| REQUIREMENT |
The answer consists of one number: how many lines of the data below include the string "thesis".

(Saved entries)
______________________________

lemma SUP_weighted_power_sum:
  fixes a :: "'b::finite \<Rightarrow> real"
  assumes \<alpha>: "1 < \<alpha>" and a0: "\<And>b. 0 \<le> a b" and T: "0 < (\<Sum>b\<in>UNIV. a b)"
  shows "(SUP q\<in>prob_dists. - (if \<forall>b. 0 < a b \<longrightarrow> 0 < q b
      then ereal (1 / (\<alpha> - 1) * log 2 (\<Sum>b | 0 < a b. q b powr (1 - \<alpha>) * a b powr \<alpha>)) else \<infinity>))
    = ereal (\<alpha> / (1 - \<alpha>) * log 2 (\<Sum>b\<in>UNIV. a b))"
    (is "(SUP q\<in>prob_dists. ?F q) = ereal ?H")
proof (rule antisym)
  have log_eq: "\<alpha> / (1 - \<alpha>) * log 2 (\<Sum>b\<in>UNIV. a b) = - (1 / (\<alpha> - 1) * log 2 ((\<Sum>b\<in>UNIV. a b) powr \<alpha>))"
    using T \<alpha> by (simp add: log_powr field_simps)
  show "(SUP q\<in>prob_dists. ?F q) \<le> ereal ?H"
  proof (rule SUP_least)
    fix q :: "'b \<Rightarrow> real" assume q: "q \<in> prob_dists"
    show "?F q \<le> ereal ?H"
    proof (cases "\<forall>b. 0 < a b \<longrightarrow> 0 < q b")
      case True
      hence "(\<Sum>b\<in>UNIV. a b) powr \<alpha> \<le> (\<Sum>b | 0 < a b. q b powr (1 - \<alpha>) * a b powr \<alpha>)"
        using q by (intro sum_powr_le_weighted_sum \<alpha> a0) (auto simp: prob_dists_def)
      moreover have "0 < (\<Sum>b\<in>UNIV. a b) powr \<alpha>" using T by simp
      ultimately have "log 2 ((\<Sum>b\<in>UNIV. a b) powr \<alpha>) \<le>
          log 2 (\<Sum>b | 0 < a b. q b powr (1 - \<alpha>) * a b powr \<alpha>)"
        by (metis log_le_cancel_iff order_less_le_trans one_less_numeral_iff semiring_norm(76))
      thus ?thesis using True \<alpha> unfolding log_eq by (simp add: divide_right_mono)
    qed auto
  qed
  define q where "q = (\<lambda>b. a b / (\<Sum>b\<in>UNIV. a b))"
  have q: "q \<in> prob_dists"
    using T a0 by (simp add: prob_dists_def q_def sum_divide_distrib[symmetric])
  have Fq: "?F q = ereal ?H"
  proof -
    have "\<forall>b. 0 < a b \<longrightarrow> 0 < q b" using T by (simp add: q_def)
    moreover have "(\<Sum>b | 0 < a b. q b powr (1 - \<alpha>) * a b powr \<alpha>) = (\<Sum>b\<in>UNIV. a b) powr \<alpha>"
      unfolding q_def by (rule weighted_sum_at_normalized_weights[OF a0 T])
    ultimately show ?thesis by (simp only: if_P log_eq uminus_ereal.simps)
  qed
  show "ereal ?H \<le> (SUP q\<in>prob_dists. ?F q)" unfolding Fq[symmetric] by (rule SUP_upper[OF q])
qed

______________________________

| TASK ANSWER |
2